[[ EXERCISE DATA open ]]

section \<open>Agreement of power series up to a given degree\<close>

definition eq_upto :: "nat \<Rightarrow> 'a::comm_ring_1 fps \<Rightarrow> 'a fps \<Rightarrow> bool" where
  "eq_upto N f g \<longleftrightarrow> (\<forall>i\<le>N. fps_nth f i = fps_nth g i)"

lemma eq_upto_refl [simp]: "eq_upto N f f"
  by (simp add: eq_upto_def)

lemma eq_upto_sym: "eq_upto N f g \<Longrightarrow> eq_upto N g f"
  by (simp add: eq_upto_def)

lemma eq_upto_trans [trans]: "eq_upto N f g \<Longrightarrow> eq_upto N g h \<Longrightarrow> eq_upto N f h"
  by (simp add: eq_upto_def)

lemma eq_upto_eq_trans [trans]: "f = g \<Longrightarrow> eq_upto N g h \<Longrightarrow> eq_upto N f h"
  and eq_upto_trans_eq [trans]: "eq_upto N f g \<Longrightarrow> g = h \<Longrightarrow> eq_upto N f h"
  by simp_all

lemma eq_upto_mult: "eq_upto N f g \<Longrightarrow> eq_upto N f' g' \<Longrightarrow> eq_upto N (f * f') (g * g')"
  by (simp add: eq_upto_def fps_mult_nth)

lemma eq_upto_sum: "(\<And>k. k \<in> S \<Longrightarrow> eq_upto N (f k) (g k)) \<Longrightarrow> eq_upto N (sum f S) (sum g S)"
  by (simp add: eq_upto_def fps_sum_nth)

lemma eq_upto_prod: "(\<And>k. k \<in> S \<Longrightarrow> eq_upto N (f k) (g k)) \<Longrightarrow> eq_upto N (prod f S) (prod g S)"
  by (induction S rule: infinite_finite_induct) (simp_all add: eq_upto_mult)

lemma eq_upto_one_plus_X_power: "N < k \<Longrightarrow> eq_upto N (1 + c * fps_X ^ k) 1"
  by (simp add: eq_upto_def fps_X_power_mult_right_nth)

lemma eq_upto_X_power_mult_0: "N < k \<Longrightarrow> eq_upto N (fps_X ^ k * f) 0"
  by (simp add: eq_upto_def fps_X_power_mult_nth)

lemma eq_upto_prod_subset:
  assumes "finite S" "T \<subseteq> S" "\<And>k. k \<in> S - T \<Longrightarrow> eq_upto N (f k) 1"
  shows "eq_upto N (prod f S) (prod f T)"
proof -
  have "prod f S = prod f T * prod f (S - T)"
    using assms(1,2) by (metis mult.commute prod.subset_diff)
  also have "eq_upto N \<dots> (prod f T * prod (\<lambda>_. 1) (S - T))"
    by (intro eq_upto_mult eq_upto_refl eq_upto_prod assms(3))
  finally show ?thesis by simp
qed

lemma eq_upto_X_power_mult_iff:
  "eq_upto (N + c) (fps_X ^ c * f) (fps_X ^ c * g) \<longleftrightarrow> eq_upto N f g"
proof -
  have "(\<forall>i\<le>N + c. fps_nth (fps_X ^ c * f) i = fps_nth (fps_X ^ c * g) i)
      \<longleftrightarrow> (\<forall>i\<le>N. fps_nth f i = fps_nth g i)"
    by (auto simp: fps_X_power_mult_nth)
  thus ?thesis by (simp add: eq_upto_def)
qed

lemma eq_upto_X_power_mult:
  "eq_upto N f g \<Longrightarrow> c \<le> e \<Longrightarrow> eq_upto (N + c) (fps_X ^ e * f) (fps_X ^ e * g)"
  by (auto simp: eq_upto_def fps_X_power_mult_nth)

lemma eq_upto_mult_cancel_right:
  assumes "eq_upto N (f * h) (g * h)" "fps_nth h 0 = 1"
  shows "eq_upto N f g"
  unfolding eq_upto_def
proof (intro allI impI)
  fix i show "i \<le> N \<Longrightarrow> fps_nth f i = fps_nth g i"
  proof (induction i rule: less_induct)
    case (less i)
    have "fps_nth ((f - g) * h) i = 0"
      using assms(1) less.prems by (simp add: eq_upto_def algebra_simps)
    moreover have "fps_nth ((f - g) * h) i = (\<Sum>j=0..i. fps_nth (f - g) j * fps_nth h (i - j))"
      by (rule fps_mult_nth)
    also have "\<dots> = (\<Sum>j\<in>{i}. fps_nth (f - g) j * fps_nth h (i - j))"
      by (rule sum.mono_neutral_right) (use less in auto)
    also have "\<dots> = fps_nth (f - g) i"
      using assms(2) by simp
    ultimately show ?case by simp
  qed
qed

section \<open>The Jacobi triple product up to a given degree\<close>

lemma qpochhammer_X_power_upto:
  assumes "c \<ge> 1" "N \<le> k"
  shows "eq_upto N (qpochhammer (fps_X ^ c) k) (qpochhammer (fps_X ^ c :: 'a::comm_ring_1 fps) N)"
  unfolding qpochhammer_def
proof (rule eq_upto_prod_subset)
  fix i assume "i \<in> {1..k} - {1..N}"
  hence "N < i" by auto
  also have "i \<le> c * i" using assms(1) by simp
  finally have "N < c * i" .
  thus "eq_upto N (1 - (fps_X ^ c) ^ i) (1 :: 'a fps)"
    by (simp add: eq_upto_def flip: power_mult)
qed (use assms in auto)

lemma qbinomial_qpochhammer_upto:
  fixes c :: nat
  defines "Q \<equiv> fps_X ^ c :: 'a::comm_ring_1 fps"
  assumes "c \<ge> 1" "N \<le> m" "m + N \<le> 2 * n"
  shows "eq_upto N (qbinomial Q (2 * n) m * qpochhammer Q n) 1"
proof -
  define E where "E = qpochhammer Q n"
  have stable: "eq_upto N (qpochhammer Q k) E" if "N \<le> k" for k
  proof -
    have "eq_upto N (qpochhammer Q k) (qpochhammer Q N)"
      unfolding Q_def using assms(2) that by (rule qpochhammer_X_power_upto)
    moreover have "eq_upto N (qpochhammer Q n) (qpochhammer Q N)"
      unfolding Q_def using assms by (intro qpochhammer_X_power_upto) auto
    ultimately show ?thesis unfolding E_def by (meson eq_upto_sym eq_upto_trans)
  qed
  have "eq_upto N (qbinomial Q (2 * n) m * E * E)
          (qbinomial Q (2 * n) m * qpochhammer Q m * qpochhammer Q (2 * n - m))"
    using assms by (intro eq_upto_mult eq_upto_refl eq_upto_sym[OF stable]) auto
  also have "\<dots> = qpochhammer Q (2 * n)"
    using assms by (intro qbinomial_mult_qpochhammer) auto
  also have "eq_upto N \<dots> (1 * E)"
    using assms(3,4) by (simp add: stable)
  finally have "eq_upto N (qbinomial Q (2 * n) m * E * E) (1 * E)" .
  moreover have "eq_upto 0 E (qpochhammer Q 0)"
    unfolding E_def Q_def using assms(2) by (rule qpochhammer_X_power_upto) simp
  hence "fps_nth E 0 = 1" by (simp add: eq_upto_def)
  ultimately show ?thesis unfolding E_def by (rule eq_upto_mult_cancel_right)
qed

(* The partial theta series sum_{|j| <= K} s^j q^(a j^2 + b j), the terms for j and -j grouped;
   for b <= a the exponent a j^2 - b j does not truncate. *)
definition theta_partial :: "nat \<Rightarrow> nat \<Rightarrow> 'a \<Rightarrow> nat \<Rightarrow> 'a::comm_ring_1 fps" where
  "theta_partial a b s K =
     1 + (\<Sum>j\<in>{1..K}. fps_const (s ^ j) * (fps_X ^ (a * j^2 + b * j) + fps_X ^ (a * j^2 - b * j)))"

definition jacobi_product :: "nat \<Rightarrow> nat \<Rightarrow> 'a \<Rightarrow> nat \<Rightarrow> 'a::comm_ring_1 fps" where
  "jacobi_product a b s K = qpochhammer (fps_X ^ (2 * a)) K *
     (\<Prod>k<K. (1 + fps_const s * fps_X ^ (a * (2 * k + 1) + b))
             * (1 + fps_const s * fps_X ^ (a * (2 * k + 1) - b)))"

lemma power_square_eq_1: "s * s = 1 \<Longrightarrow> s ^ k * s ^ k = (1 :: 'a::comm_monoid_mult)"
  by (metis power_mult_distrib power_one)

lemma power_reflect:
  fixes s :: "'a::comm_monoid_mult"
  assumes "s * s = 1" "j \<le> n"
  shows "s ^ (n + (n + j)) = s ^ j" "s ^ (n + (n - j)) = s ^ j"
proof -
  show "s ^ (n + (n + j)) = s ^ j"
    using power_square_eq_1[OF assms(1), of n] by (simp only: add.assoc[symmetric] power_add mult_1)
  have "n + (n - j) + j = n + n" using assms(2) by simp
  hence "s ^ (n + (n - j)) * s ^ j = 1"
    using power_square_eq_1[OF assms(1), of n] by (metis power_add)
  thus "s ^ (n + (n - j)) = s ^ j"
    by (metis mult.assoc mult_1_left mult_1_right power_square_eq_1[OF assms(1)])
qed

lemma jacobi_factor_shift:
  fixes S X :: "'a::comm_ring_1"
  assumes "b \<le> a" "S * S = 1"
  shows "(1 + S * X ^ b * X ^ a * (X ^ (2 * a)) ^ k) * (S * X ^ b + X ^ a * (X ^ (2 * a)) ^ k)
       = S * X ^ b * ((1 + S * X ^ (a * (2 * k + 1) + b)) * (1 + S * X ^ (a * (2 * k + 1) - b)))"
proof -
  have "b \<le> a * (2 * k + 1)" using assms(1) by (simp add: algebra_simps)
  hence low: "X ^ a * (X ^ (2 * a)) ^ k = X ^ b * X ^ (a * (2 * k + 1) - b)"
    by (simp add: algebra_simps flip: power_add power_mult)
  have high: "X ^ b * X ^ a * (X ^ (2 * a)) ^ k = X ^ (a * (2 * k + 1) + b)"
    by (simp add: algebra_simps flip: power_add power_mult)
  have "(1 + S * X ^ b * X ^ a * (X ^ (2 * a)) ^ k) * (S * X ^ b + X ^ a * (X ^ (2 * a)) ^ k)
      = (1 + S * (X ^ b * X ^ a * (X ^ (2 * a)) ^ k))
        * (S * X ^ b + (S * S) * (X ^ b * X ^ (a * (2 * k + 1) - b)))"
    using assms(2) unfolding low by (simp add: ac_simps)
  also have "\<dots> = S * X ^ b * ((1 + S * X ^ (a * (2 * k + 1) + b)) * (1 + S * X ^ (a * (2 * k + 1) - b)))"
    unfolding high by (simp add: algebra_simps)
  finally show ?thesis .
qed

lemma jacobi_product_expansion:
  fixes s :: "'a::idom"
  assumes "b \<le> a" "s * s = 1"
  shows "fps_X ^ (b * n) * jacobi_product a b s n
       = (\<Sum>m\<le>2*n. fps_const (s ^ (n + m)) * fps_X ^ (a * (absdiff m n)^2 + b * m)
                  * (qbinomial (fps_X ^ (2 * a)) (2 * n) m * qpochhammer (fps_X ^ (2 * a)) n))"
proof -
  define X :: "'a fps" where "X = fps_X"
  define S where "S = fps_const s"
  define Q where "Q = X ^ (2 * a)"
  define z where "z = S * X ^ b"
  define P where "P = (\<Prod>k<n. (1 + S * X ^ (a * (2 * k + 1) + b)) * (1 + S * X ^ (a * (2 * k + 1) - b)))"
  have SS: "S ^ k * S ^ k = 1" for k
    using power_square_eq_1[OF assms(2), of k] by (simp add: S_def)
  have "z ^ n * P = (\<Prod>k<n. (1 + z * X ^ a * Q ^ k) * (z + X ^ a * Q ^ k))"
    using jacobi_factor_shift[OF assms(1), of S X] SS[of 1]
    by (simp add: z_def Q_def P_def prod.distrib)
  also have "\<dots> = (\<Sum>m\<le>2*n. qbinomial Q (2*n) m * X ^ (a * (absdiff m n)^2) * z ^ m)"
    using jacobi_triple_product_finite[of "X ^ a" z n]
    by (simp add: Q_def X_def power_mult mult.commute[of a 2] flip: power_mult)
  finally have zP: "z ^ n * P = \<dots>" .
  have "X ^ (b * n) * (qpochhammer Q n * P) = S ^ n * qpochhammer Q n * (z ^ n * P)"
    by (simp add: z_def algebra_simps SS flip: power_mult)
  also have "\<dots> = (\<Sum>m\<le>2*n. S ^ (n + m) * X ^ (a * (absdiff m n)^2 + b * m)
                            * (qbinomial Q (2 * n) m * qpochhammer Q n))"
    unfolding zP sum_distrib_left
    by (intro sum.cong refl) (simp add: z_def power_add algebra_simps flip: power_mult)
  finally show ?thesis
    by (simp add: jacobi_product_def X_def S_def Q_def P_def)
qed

[[ EXERCISE DATA closed ]]

WHAT YOU WILL DO: Return only the exact lines from the opening of the records through the line that contains "by (simp add: eq_upto_def fps_sum_nth)", both included.

PROBLEM SOLUTION:
section \<open>Agreement of power series up to a given degree\<close>

definition eq_upto :: "nat \<Rightarrow> 'a::comm_ring_1 fps \<Rightarrow> 'a fps \<Rightarrow> bool" where
  "eq_upto N f g \<longleftrightarrow> (\<forall>i\<le>N. fps_nth f i = fps_nth g i)"

lemma eq_upto_refl [simp]: "eq_upto N f f"
  by (simp add: eq_upto_def)

lemma eq_upto_sym: "eq_upto N f g \<Longrightarrow> eq_upto N g f"
  by (simp add: eq_upto_def)

lemma eq_upto_trans [trans]: "eq_upto N f g \<Longrightarrow> eq_upto N g h \<Longrightarrow> eq_upto N f h"
  by (simp add: eq_upto_def)

lemma eq_upto_eq_trans [trans]: "f = g \<Longrightarrow> eq_upto N g h \<Longrightarrow> eq_upto N f h"
  and eq_upto_trans_eq [trans]: "eq_upto N f g \<Longrightarrow> g = h \<Longrightarrow> eq_upto N f h"
  by simp_all

lemma eq_upto_mult: "eq_upto N f g \<Longrightarrow> eq_upto N f' g' \<Longrightarrow> eq_upto N (f * f') (g * g')"
  by (simp add: eq_upto_def fps_mult_nth)

lemma eq_upto_sum: "(\<And>k. k \<in> S \<Longrightarrow> eq_upto N (f k) (g k)) \<Longrightarrow> eq_upto N (sum f S) (sum g S)"
  by (simp add: eq_upto_def fps_sum_nth)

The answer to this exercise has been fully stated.